Он до такой степени сбил всех с толку своим галдежом, что они в самом деле купили это страшилище, от которого с отвращением отвернулся бы всякий мясник, и потащили корову к котлам. А потом, когда деньги были у трактирщика уже давно в кармане, он стал плакать и жаловаться на то, что его совсем обобрали, что он сам себя сделал нищим, потому что продал им такую чудную корову так дешево. Он даже просил их повесить его за то, что он на старости лет совершил такую глупость, от которой перевернутся в своих гробах все его предки.
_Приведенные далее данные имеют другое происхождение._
text \<open>Without infinitely many zero digits, \<open>c\<close> could be a non-terminating expansion of a
  dyadic rational, whose digits in the sense of \<open>digit\<close> are those of the terminating one.\<close>

lemma
  assumes c: "\<And>i. c i \<le> 1" and zeros: "\<exists>\<^sub>\<infinity>i. c i = 0"
  shows bin_value_mem: "bin_value c \<in> {0..<1}"
    and digit_bin_value: "digit (bin_value c) j = c j"
proof -
  have index: "dyad_index j (bin_value c) = bin_prefix c j" for j
  proof -
    obtain i where "i \<ge> j" "c i = 0"
      using zeros by (auto simp: INFM_nat_le)
    then have "bin_value (\<lambda>i. c (i + j)) < 1"
      using c by (intro bin_value_less_1[where i = "i - j"]) auto
    moreover have "0 \<le> bin_value (\<lambda>i. c (i + j))"
      using c by (intro bin_value_nonneg)
    ultimately have "\<lfloor>bin_value (\<lambda>i. c (i + j))\<rfloor> = 0"
      by (simp add: floor_eq_iff)
    then show ?thesis
      unfolding dyad_index_def bin_value_shift[OF c] by simp
  qed
  show "bin_value c \<in> {0..<1}"
    using index[of 0] c by (simp add: dyad_index_def bin_value_nonneg)
  show "digit (bin_value c) j = c j"
    using index[of "Suc j"] c[of j] by (simp add: digit_def dyad_index_def)
qed

lemma bin_prefix_digit: "x \<in> {0..<1} \<Longrightarrow> bin_prefix (digit x) j = dyad_index j x"
  by (induction j) (auto simp: dyad_index_0 dyad_index_Suc)
text \<open>A stable set meets each of the cliques \<open>C\<^sub>1\<close>, \<open>C\<^sub>2\<close> in at most one vertex. So for
  \<open>s \<in> S(G\<^sub>I)\<close> with \<open>a = s(C\<^sub>1)\<close>, \<open>b = s(C\<^sub>2)\<close> in \<open>{0,1}\<close> the three inequalities for \<open>s s\<^sup>T\<close>
  read \<open>s\<^sub>i b \<le> s\<^sub>i\<close>, \<open>a s\<^sub>j \<le> s\<^sub>j\<close> and \<open>a + b \<le> 1 + a b\<close>; being linear in the matrix they pass to
  the convex hull. Conversely, \<open>X\<^sub>I\<close> is an explicit convex combination: each cross entry
  \<open>X\<^sub>u\<^sub>v\<close> (\<open>u \<in> C\<^sub>1\<close>, \<open>v \<in> C\<^sub>2\<close> nonadjacent) is the weight of the stable set \<open>{u,v}\<close>, the slacks
  of the first two families of inequalities are the weights of the singletons, and the last
  inequality says that these weights sum to at most 1, the rest going to the empty set.\<close>

lemma stable_vecs_01:
  assumes "s \<in> stable_vecs E I" "i \<in> I"
  shows "s i = 0 \<or> s i = 1"
  using assms unfolding stable_vecs_def by blast

lemma stable_vec_square:
  assumes "s \<in> stable_vecs E I" "i \<in> I"
  shows "s i * s i = s i"
  using stable_vecs_01[OF assms] by auto
lemma map_mult_prism:
  assumes "g \<in> carrier G" "set x \<subseteq> carrier G" "set hs \<subseteq> H"
  shows "map (\<lambda>y. g \<otimes>\<^bsub>G\<^esub> y) (prism x j hs) = prism (map (\<lambda>y. g \<otimes>\<^bsub>G\<^esub> y) x) j hs"
proof -
  have "g \<otimes>\<^bsub>G\<^esub> (a \<otimes>\<^bsub>G\<^esub> b) = g \<otimes>\<^bsub>G\<^esub> a \<otimes>\<^bsub>G\<^esub> b" if "a \<in> carrier G" "b \<in> carrier G" for a b
    using that assms(1) by (simp add: group.is_monoid[OF group] monoid.m_assoc)
  then have "map (\<lambda>y. g \<otimes>\<^bsub>G\<^esub> y) (map2 (\<otimes>\<^bsub>G\<^esub>) xs hs) = map2 (\<otimes>\<^bsub>G\<^esub>) (map (\<lambda>y. g \<otimes>\<^bsub>G\<^esub> y) xs) hs"
    if "set xs \<subseteq> carrier G" for xs
    using that assms(3) H_subset by (auto simp: map_zip_map intro!: map_cong elim!: in_set_zipE) blast
  moreover have "set (take (Suc j) x) \<subseteq> carrier G"
    using assms(2) by (meson order_trans set_take_subset)
  ultimately show ?thesis unfolding prism_def by (simp add: take_map drop_map)
qed

text \<open>Left multiplication by g amounts to right multiplication of each x_i by the
  conjugate x_i^-1 g x_i: g x_i h_i = x_i ((x_i^-1 g x_i) h_i).\<close>
lemma map_mult_conjugate:
  assumes "g \<in> carrier G" "set x \<subseteq> carrier G" "set hs \<subseteq> carrier G"
  shows "map (\<lambda>y. g \<otimes>\<^bsub>G\<^esub> y) (map2 (\<otimes>\<^bsub>G\<^esub>) x hs)
       = map2 (\<otimes>\<^bsub>G\<^esub>) x (map2 (\<otimes>\<^bsub>G\<^esub>) (map (\<lambda>t. inv\<^bsub>G\<^esub> t \<otimes>\<^bsub>G\<^esub> g \<otimes>\<^bsub>G\<^esub> t) x) hs)"
  using assms(2,3)
proof (induction x arbitrary: hs)
  case Nil
  then show ?case by simp
next
  case (Cons t x)
  then show ?case
  proof (cases hs)
    case (Cons h hs')
    have "g \<otimes>\<^bsub>G\<^esub> (t \<otimes>\<^bsub>G\<^esub> h) = t \<otimes>\<^bsub>G\<^esub> ((inv\<^bsub>G\<^esub> t \<otimes>\<^bsub>G\<^esub> g \<otimes>\<^bsub>G\<^esub> t) \<otimes>\<^bsub>G\<^esub> h)"
      using Cons.prems assms(1) \<open>hs = h # hs'\<close> by (simp add: group.conjugate_mult[OF group])
    then show ?thesis using Cons.IH[of hs'] Cons.prems \<open>hs = h # hs'\<close> by simp
  qed simp
qed

end

section \<open>The prism identity\<close>

lemma sum_split_pair:
  fixes a :: "nat \<Rightarrow> 'v::comm_monoid_add"
  assumes "j < Suc n"
  shows "(\<Sum>i<Suc (Suc n). a i)
       = (\<Sum>i<j. a i) + (a j + (a (Suc j) + (\<Sum>i\<in>{Suc (Suc j)..<Suc (Suc n)}. a i)))"
proof -
  have "(\<Sum>i<Suc (Suc n). a i) = (\<Sum>i<j. a i) + (\<Sum>i\<in>{j..<Suc (Suc n)}. a i)"
    unfolding atLeast0LessThan[symmetric]
    using assms by (intro sum.atLeastLessThan_concat[symmetric]) simp_all
  also have "(\<Sum>i\<in>{j..<Suc (Suc n)}. a i) = a j + (\<Sum>i\<in>{Suc j..<Suc (Suc n)}. a i)"
    using assms by (intro sum.atLeast_Suc_lessThan) simp
  also have "(\<Sum>i\<in>{Suc j..<Suc (Suc n)}. a i) = a (Suc j) + (\<Sum>i\<in>{Suc (Suc j)..<Suc (Suc n)}. a i)"
    using assms by (intro sum.atLeast_Suc_lessThan) simp
  finally show ?thesis .
qed
(* Let $K$ be a field of characteristic $0$, let $L=\mathcal{L}(x,y)$ be the free Lie algebra over $K$ freely generated by $x,y$, and let $\delta$ be the derivation of $L$ with $\delta(x)=0$, $\delta(y)=x$. If $g\in L$ satisfies $[g,x]+[\delta(g),y]=0$ and $g\notin \operatorname{span}_K\{x\}$, then $g=\alpha y+\beta x$ for some $\alpha,\beta\in K$ with $\alpha\neq 0$. *)

theory Defs
  imports Main
begin

text \<open>Free associative algebra K<x,y> on two generators: an element is a
coefficient function on words over the alphabet {x,y}, encoded as bool lists
(False = x, True = y). Elements of the free Lie algebra L(x,y) are realised as
the Lie subalgebra generated by x and y inside K<x,y> (the standard model of
the free Lie algebra). Such elements automatically have finite support.\<close>

type_synonym 'k ncpoly = "bool list \<Rightarrow> 'k"

definition nc_add :: "'k::field ncpoly \<Rightarrow> 'k ncpoly \<Rightarrow> 'k ncpoly" where
  "nc_add p q = (\<lambda>w. p w + q w)"

definition nc_smult :: "'k::field \<Rightarrow> 'k ncpoly \<Rightarrow> 'k ncpoly" where
  "nc_smult c p = (\<lambda>w. c * p w)"

definition nc_zero :: "'k::field ncpoly" where
  "nc_zero = (\<lambda>w. 0)"

definition nc_mult :: "'k::field ncpoly \<Rightarrow> 'k ncpoly \<Rightarrow> 'k ncpoly" where
  "nc_mult p q = (\<lambda>w. \<Sum>i\<le>length w. p (take i w) * q (drop i w))"

definition lie_bracket :: "'k::field ncpoly \<Rightarrow> 'k ncpoly \<Rightarrow> 'k ncpoly" where
  "lie_bracket p q = (\<lambda>w. nc_mult p q w - nc_mult q p w)"

definition gen_x :: "'k::field ncpoly" where
  "gen_x = (\<lambda>w. if w = [False] then 1 else 0)"

definition gen_y :: "'k::field ncpoly" where
  "gen_y = (\<lambda>w. if w = [True] then 1 else 0)"

inductive_set free_lie :: "'k::field ncpoly set" where
  gx: "gen_x \<in> free_lie"
| gy: "gen_y \<in> free_lie"
| add: "a \<in> free_lie \<Longrightarrow> b \<in> free_lie \<Longrightarrow> nc_add a b \<in> free_lie"
| smult: "a \<in> free_lie \<Longrightarrow> nc_smult c a \<in> free_lie"
| brk: "a \<in> free_lie \<Longrightarrow> b \<in> free_lie \<Longrightarrow> lie_bracket a b \<in> free_lie"

definition lie_derivation :: "('k::field ncpoly \<Rightarrow> 'k ncpoly) \<Rightarrow> bool" where
  "lie_derivation d \<longleftrightarrow>
     (\<forall>a\<in>free_lie. d a \<in> free_lie) \<and>
     (\<forall>a\<in>free_lie. \<forall>b\<in>free_lie. d (nc_add a b) = nc_add (d a) (d b)) \<and>
     (\<forall>a\<in>free_lie. \<forall>c. d (nc_smult c a) = nc_smult c (d a)) \<and>
     (\<forall>a\<in>free_lie. \<forall>b\<in>free_lie.
        d (lie_bracket a b) = nc_add (lie_bracket (d a) b) (lie_bracket a (d b)))"

end

theory Submission
  imports Defs
begin
(* Let $\gamma,\sigma:[a,b]\to V$ be continuous paths of bounded variation. Let $\phi:\mathbb{N}\cup\{0\}\to\mathbb{R}$ be such that both $|\phi|$ and $|\phi_{+1}|$ satisfy: $\sum_kC^k|\cdot|(k)(k!)^{-2}<\infty$ for every $C>0$, where $\phi_{+1}(k)=\phi(k+1)$. Then the $\phi$- and $\phi_{+1}$-signature kernels of $\gamma$ and $\sigma$ are well defined and, for all $(s,t)\in[a,b]^2$, \[ K_\phi^{\gamma,\sigma}(s,t)=\phi(0)+\int_a^s\int_a^tK_{\phi_{+1}}^{\gamma,\sigma}(u,v)\,\langle d\gamma_u,d\sigma_v\rangle. \]
   Context: $V$ is a finite-dimensional real inner product space, $\langle\cdot,\cdot\rangle_k$ the induced Hilbert–Schmidt inner product on $V^{\otimes k}$. Signature: $S(\gamma)^0=1$, $S(\gamma)^k_{s,t}=\int_{s<u_1<\dots<u_k<t}d\gamma_{u_1}\otimes\cdots\otimes d\gamma_{u_k}$. For $\phi$ real-valued, $K_\phi^{\gamma,\sigma}(s,t)=\sum_{k\ge0}\phi(k)\langle S(\gamma)^k_{a,s},S(\sigma)^k_{a,t}\rangle_k$. *)

theory Defs
  imports "HOL-Analysis.Analysis"
begin

definition is_partition :: "real list \<Rightarrow> real \<Rightarrow> real \<Rightarrow> bool" where
  "is_partition p c d \<longleftrightarrow> p \<noteq> [] \<and> hd p = c \<and> last p = d \<and> sorted_wrt (<) p"

definition fine_partition :: "real \<Rightarrow> real list \<Rightarrow> bool" where
  "fine_partition \<delta> p \<longleftrightarrow> (\<forall>i < length p - 1. p ! Suc i - p ! i < \<delta>)"

definition partition_tags :: "real list \<Rightarrow> (nat \<Rightarrow> real) \<Rightarrow> bool" where
  "partition_tags p \<tau> \<longleftrightarrow> (\<forall>i < length p - 1. p ! i \<le> \<tau> i \<and> \<tau> i \<le> p ! Suc i)"

definition bounded_variation_on :: "(real \<Rightarrow> 'v::real_normed_vector) \<Rightarrow> real \<Rightarrow> real \<Rightarrow> bool" where
  "bounded_variation_on \<gamma> a b \<longleftrightarrow>
     (\<exists>M. \<forall>p. is_partition p a b \<longrightarrow> (\<Sum>i < length p - 1. norm (\<gamma> (p ! Suc i) - \<gamma> (p ! i))) \<le> M)"

definition rs_sum :: "(real \<Rightarrow> real) \<Rightarrow> (real \<Rightarrow> real) \<Rightarrow> real list \<Rightarrow> (nat \<Rightarrow> real) \<Rightarrow> real" where
  "rs_sum f g p \<tau> = (\<Sum>i < length p - 1. f (\<tau> i) * (g (p ! Suc i) - g (p ! i)))"

definition has_rs_integral :: "(real \<Rightarrow> real) \<Rightarrow> (real \<Rightarrow> real) \<Rightarrow> real \<Rightarrow> real \<Rightarrow> real \<Rightarrow> bool" where
  "has_rs_integral f g c d I \<longleftrightarrow>
     (\<forall>\<epsilon>>0. \<exists>\<delta>>0. \<forall>p \<tau>. is_partition p c d \<and> fine_partition \<delta> p \<and> partition_tags p \<tau>
        \<longrightarrow> \<bar>rs_sum f g p \<tau> - I\<bar> < \<epsilon>)"

definition rs_integral :: "(real \<Rightarrow> real) \<Rightarrow> (real \<Rightarrow> real) \<Rightarrow> real \<Rightarrow> real \<Rightarrow> real" where
  "rs_integral f g c d = (THE I. has_rs_integral f g c d I)"

definition rs2_sum :: "(real \<Rightarrow> real \<Rightarrow> real) \<Rightarrow> (real \<Rightarrow> 'v::real_inner) \<Rightarrow> (real \<Rightarrow> 'v)
    \<Rightarrow> real list \<Rightarrow> (nat \<Rightarrow> real) \<Rightarrow> real list \<Rightarrow> (nat \<Rightarrow> real) \<Rightarrow> real" where
  "rs2_sum K \<gamma> \<sigma> p \<tau> q \<rho> =
     (\<Sum>i < length p - 1. \<Sum>j < length q - 1.
        K (\<tau> i) (\<rho> j) * ((\<gamma> (p ! Suc i) - \<gamma> (p ! i)) \<bullet> (\<sigma> (q ! Suc j) - \<sigma> (q ! j))))"

definition has_rs2_integral :: "(real \<Rightarrow> real \<Rightarrow> real) \<Rightarrow> (real \<Rightarrow> 'v::real_inner) \<Rightarrow> (real \<Rightarrow> 'v)
    \<Rightarrow> real \<Rightarrow> real \<Rightarrow> real \<Rightarrow> real \<Rightarrow> real \<Rightarrow> bool" where
  "has_rs2_integral K \<gamma> \<sigma> c d e f I \<longleftrightarrow>
     (\<forall>\<epsilon>>0. \<exists>\<delta>>0. \<forall>p \<tau> q \<rho>.
        is_partition p c d \<and> fine_partition \<delta> p \<and> partition_tags p \<tau> \<and>
        is_partition q e f \<and> fine_partition \<delta> q \<and> partition_tags q \<rho>
        \<longrightarrow> \<bar>rs2_sum K \<gamma> \<sigma> p \<tau> q \<rho> - I\<bar> < \<epsilon>)"

text \<open>Coordinates of the level-k signature w.r.t. the orthonormal basis \<open>Basis\<close> of V:
  for a word [e_1,...,e_k] of basis vectors, \<open>sig_coord \<gamma> a [e_1,...,e_k] t\<close> is
  \<open>\<integral>_{a<u_1<...<u_k<t} d<\<gamma>,e_1>_{u_1} ... d<\<gamma>,e_k>_{u_k}\<close>, defined by iterated
  Riemann--Stieltjes integration (peeling off the last letter). \<open>sig_rev\<close> takes the reversed word.\<close>
fun sig_rev :: "(real \<Rightarrow> 'v::euclidean_space) \<Rightarrow> real \<Rightarrow> 'v list \<Rightarrow> real \<Rightarrow> real" where
  "sig_rev \<gamma> a [] t = 1"
| "sig_rev \<gamma> a (e # w) t = rs_integral (\<lambda>u. sig_rev \<gamma> a w u) (\<lambda>u. \<gamma> u \<bullet> e) a t"

definition sig_coord :: "(real \<Rightarrow> 'v::euclidean_space) \<Rightarrow> real \<Rightarrow> 'v list \<Rightarrow> real \<Rightarrow> real" where
  "sig_coord \<gamma> a w t = sig_rev \<gamma> a (rev w) t"

text \<open>Words of length k in the basis vectors (index the orthonormal basis of V^{\<otimes>k}).\<close>
definition words :: "nat \<Rightarrow> 'v::euclidean_space list set" where
  "words k = {w. length w = k \<and> set w \<subseteq> Basis}"

text \<open>Hilbert--Schmidt inner product \<open><S(\<gamma>)^k_{a,s}, S(\<sigma>)^k_{a,t}>_k\<close>.\<close>
definition sig_inner :: "nat \<Rightarrow> (real \<Rightarrow> 'v::euclidean_space) \<Rightarrow> (real \<Rightarrow> 'v) \<Rightarrow> real \<Rightarrow> real \<Rightarrow> real \<Rightarrow> real" where
  "sig_inner k \<gamma> \<sigma> a s t = (\<Sum>w \<in> words k. sig_coord \<gamma> a w s * sig_coord \<sigma> a w t)"

definition sig_kernel_terms :: "(nat \<Rightarrow> real) \<Rightarrow> (real \<Rightarrow> 'v::euclidean_space) \<Rightarrow> (real \<Rightarrow> 'v) \<Rightarrow> real \<Rightarrow> real \<Rightarrow> real \<Rightarrow> nat \<Rightarrow> real" where
  "sig_kernel_terms \<phi> \<gamma> \<sigma> a s t k = \<phi> k * sig_inner k \<gamma> \<sigma> a s t"

definition sig_kernel :: "(nat \<Rightarrow> real) \<Rightarrow> (real \<Rightarrow> 'v::euclidean_space) \<Rightarrow> (real \<Rightarrow> 'v) \<Rightarrow> real \<Rightarrow> real \<Rightarrow> real \<Rightarrow> real" where
  "sig_kernel \<phi> \<gamma> \<sigma> a s t = (\<Sum>k. sig_kernel_terms \<phi> \<gamma> \<sigma> a s t k)"

end

(*
  Write L_n(s,t) for the level-n term <S^n_{a,s}(gamma), S^n_{a,t}(sigma)>.  The level n+1
  signature is the Riemann-Stieltjes integral of level n against d gamma, and the double
  Riemann-Stieltjes sums of a product kernel F(u) G(v) against <d gamma, d sigma> split,
  coordinate by coordinate, into products of one-dimensional sums; hence
  L_{n+1}(s,t) = int int L_n(u,v) <d gamma_u, d sigma_v>.  The factorial decay
  |S^w_{a,t}| <= V_{a,t}(gamma)^n / n! of the signature coordinates gives |L_n| <= C^n / (n!)^2
  on [a,b]^2, so under the growth hypothesis on phi the series sum_n phi(n+1) L_n converges
  uniformly (Weierstrass M-test).  A uniform limit of integrands may be exchanged with the double
  integral, whose sums are bounded by the total variations of gamma and sigma, and summing the
  level identities gives the claim.  The one-dimensional integrals exist because the
  Riemann-Stieltjes sums of a continuous integrand against a bounded-variation integrator form a
  Cauchy net as the mesh of the partition tends to zero.
*)

theory Submission
  imports Defs
begin

section \<open>Partitions of a compact interval\<close>

lemma is_partition_basic:
  assumes "is_partition p c d"
  shows is_partition_length: "length p \<ge> 1"
    and is_partition_first: "p ! 0 = c"
    and is_partition_last: "p ! (length p - 1) = d"
    and is_partition_less: "\<And>i j. i < j \<Longrightarrow> j < length p \<Longrightarrow> p ! i < p ! j"
  using assms unfolding is_partition_def
  by (auto simp: hd_conv_nth last_conv_nth sorted_wrt_iff_nth_less Suc_le_eq)

lemma is_partition_le:
  assumes "is_partition p c d" "i \<le> j" "j < length p"
  shows "p ! i \<le> p ! j"
  using is_partition_less[OF assms(1)] assms(2,3) by (metis order.order_iff_strict)

lemma is_partition_nth_inj:
  assumes "is_partition p c d" "i < length p" "j < length p" "p ! i = p ! j"
  shows "i = j"
  using is_partition_less[OF assms(1)] assms(2-4) by (metis less_irrefl nat_neq_iff)

lemma is_partition_bounds:
  assumes "is_partition p c d" "i < length p"
  shows "c \<le> p ! i" "p ! i \<le> d"
  using is_partition_le[OF assms(1), of 0 i] is_partition_le[OF assms(1), of i "length p - 1"]
    is_partition_first[OF assms(1)] is_partition_last[OF assms(1)] assms(2)
  by auto

lemma is_partition_two: "x < y \<Longrightarrow> is_partition [x, y] x y"
  by (simp add: is_partition_def)

lemma partition_tags_left: "is_partition p c d \<Longrightarrow> partition_tags p (\<lambda>i. p ! i)"
  unfolding partition_tags_def using is_partition_le[of p c d] by auto

lemma partition_tags_bounds:
  assumes "is_partition p c d" "partition_tags p \<tau>" "i < length p - 1"
  shows "p ! i \<le> \<tau> i" "\<tau> i \<le> p ! Suc i" "c \<le> \<tau> i" "\<tau> i \<le> d"
  using assms is_partition_bounds[OF assms(1), of i] is_partition_bounds[OF assms(1), of "Suc i"]
  unfolding partition_tags_def by fastforce+

lemma fine_partition_mono: "fine_partition \<delta> p \<Longrightarrow> \<delta> \<le> \<delta>' \<Longrightarrow> fine_partition \<delta>' p"
  unfolding fine_partition_def by force
(* Let $c>0$. Let $\mathcal N_1=\{(M_3,N_1,N_2)\in\mathbb{C}^3: N_1^2+N_2^2=1\}$ carry the system \[ \dot M_3=-N_2,\qquad \dot N_1=cM_3N_2,\qquad \dot N_2=-cM_3N_1. \] For $k\in(0,1]$ let $\Gamma_k^1$ be the complex phase curve given by $\frac12cM_3^2+N_1=2k^2-1$, $N_1^2+N_2^2=1$ (for $k=1$ with the equilibrium $u=(M_3,N_1,N_2)=(0,1,0)$ removed). Let $\Omega_1$ be the closure of the set of real points of $\Gamma_1^1$ (the union of the two real orbits homoclinic to the hyperbolic equilibrium $u$). Then for every complex neighbourhood $U\subset\mathcal N_1$ of $\Omega_1$ there exists $\epsilon>0$ such that for $0<1-k<\epsilon$ the fundamental group $\pi_1(\Gamma_k^1)$ is generated by loops lying in $U$.
   Context: Here $\mathcal N_1$ is identified with the invariant submanifold $\{(\mathbf M,\mathbf N)\in\mathbb{C}^6: M_1=M_2=N_3=0,\ N_1^2+N_2^2=1\}$ of the complexified Euler–Poisson equations for a symmetric heavy top with principal moments $A=B=1$, $C=1/c$ and $\mathbf L=[1,0,0]^T$; the system above is the restriction to $\mathcal N_1$. For $k\in(0,1)$, $\Gamma_k^1$ is a non-degenerate affine elliptic curve. *)

theory Defs
  imports "HOL-Analysis.Analysis"
begin

definition N1set :: "(complex \<times> complex \<times> complex) set" where
  "N1set = {(m, n1, n2). n1\<^sup>2 + n2\<^sup>2 = 1}"

definition Gamma :: "real \<Rightarrow> real \<Rightarrow> (complex \<times> complex \<times> complex) set" where
  "Gamma c k = {(m, n1, n2). complex_of_real c / 2 * m\<^sup>2 + n1 = complex_of_real (2 * k\<^sup>2 - 1)
                              \<and> n1\<^sup>2 + n2\<^sup>2 = 1}
               - (if k = 1 then {(0, 1, 0)} else {})"

definition Omega1 :: "real \<Rightarrow> (complex \<times> complex \<times> complex) set" where
  "Omega1 c = closure {(m, n1, n2) \<in> Gamma c 1. m \<in> \<real> \<and> n1 \<in> \<real> \<and> n2 \<in> \<real>}"

inductive_set loop_words :: "'a::topological_space set \<Rightarrow> 'a \<Rightarrow> (real \<Rightarrow> 'a) set"
  for V :: "'a set" and p :: 'a where
  base: "\<lbrakk>path g; path_image g \<subseteq> V; pathstart g = p; pathfinish g = p\<rbrakk> \<Longrightarrow> g \<in> loop_words V p"
| join: "\<lbrakk>g \<in> loop_words V p; h \<in> loop_words V p\<rbrakk> \<Longrightarrow> g +++ h \<in> loop_words V p"
| rev: "g \<in> loop_words V p \<Longrightarrow> reversepath g \<in> loop_words V p"

definition pi1_generated_by :: "'a::topological_space set \<Rightarrow> 'a set \<Rightarrow> bool" where
  "pi1_generated_by S V \<longleftrightarrow>
     (\<exists>p\<in>V. \<forall>g. path g \<and> path_image g \<subseteq> S \<and> pathstart g = p \<and> pathfinish g = p
                 \<longrightarrow> (\<exists>h\<in>loop_words V p. homotopic_paths S g h))"

end

theory Submission
  imports Defs
begin
(* $\mathrm{GenMem}(\mathrm{RL}) = 2$.
   Context: Let $\Omega=\mathbb{N}\times\{0,1\}$ with partial order $(n,a)\preceq(m,b)$ iff $(n,a)=(m,b)$ or $n<m$. Let $\mathbb{M}$ be the set of all functions $f\colon\Omega\to\Omega$ monotone w.r.t. $\preceq$. The Rope Ladder condition $\mathrm{RL}\subseteq\mathbb{M}^\omega$ (a winning condition over the color set $\mathbb{M}$) consists of all sequences $(f_1,f_2,\ldots)\in\mathbb{M}^\omega$ for which there is $(N,b)\in\Omega$ with $f_n\circ\cdots\circ f_1((0,0))\preceq(N,b)$ for all $n\ge1$. An arena over a color set $C$ is a tuple $\langle V_P, V_A, E\rangle$ of finite sets with $V_P\cap V_A=\varnothing$, $V=V_P\cup V_A\neq\varnothing$, $E\subseteq V\times C\times V$, every node having an outgoing edge. Paths are non-empty finite/infinite sequences of consecutive edges, plus $0$-length paths $\lambda_v$ at each node. A Protagonist's strategy maps each finite path ending in $V_P$ to an outgoing edge of its last node; a path is consistent with $S$ if every edge leaving a Protagonist node along it is the one chosen by $S$ on the preceding prefix. $S$ is winning from $u$ w.r.t. $W\subseteq C^\omega$ if every infinite path consistent with $S$ from $u$ has color sequence in $W$; $S$ is optimal w.r.t. $W$ if there is no node from which some strategy wins w.r.t. $W$ but $S$ does not. A (general) memory structure is $\langle M,m_{init},\delta\rangle$ with $M$ finite, $m_{init}\in M$, $\delta\colon M\times E\to M$ (extended to finite edge sequences by iteration). A strategy $S$ is built on top of it if $S(p_1)=S(p_2)$ whenever $p_1,p_2$ end at the same Protagonist node and $\delta(m_{init},p_1)=\delta(m_{init},p_2)$; with $k$ memory states this is a strategy with $k$ states of general memory. $\mathrm{GenMem}(W)$ is the least $k\in\mathbb{Z}^+$ such that every arena over $C$ admits a Protagonist's strategy with $k$ states of general memory that is optimal w.r.t. $W$ ($+\infty$ if none exists). *)

theory Defs
  imports Main "HOL-Library.Extended_Nat"
begin

type_synonym omega = "nat \<times> bool"   (* (n,False) = (n,0), (n,True) = (n,1) *)

definition omega_le :: "omega \<Rightarrow> omega \<Rightarrow> bool" where
  "omega_le x y \<longleftrightarrow> x = y \<or> fst x < fst y"

definition monoM :: "(omega \<Rightarrow> omega) set" where
  "monoM = {f. \<forall>x y. omega_le x y \<longrightarrow> omega_le (f x) (f y)}"

(* comp_pref fs n x = f_n o ... o f_1 x, where f_i = fs (i-1) *)
fun comp_pref :: "(nat \<Rightarrow> ('a \<Rightarrow> 'a)) \<Rightarrow> nat \<Rightarrow> 'a \<Rightarrow> 'a" where
  "comp_pref fs 0 x = x"
| "comp_pref fs (Suc n) x = fs n (comp_pref fs n x)"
Поклонившись им еще до земли, он вдруг сбросил с себя всю скорбь и печаль, побежал домой и сказал жене:
— Сарра, солдаты — дураки, а твой Натан — очень умный.
С коровой было много хлопот. Казалось, что с нее вообще невозможно содрать шкуру. Несколько раз шкура рвалась, и тогда под ней выступали жилы, твердые, словно узлы судового каната.
Тем временем откуда-то притащили мешок картофеля и стали без всякой надежды на успех варить эти жилы и кости, а рядом, за маленькой кухней, кашевар с истинным отчаянием пытался приготовить кусок этого «шкилета» для офицерского стола.
46
Еврейское наимеиование бога.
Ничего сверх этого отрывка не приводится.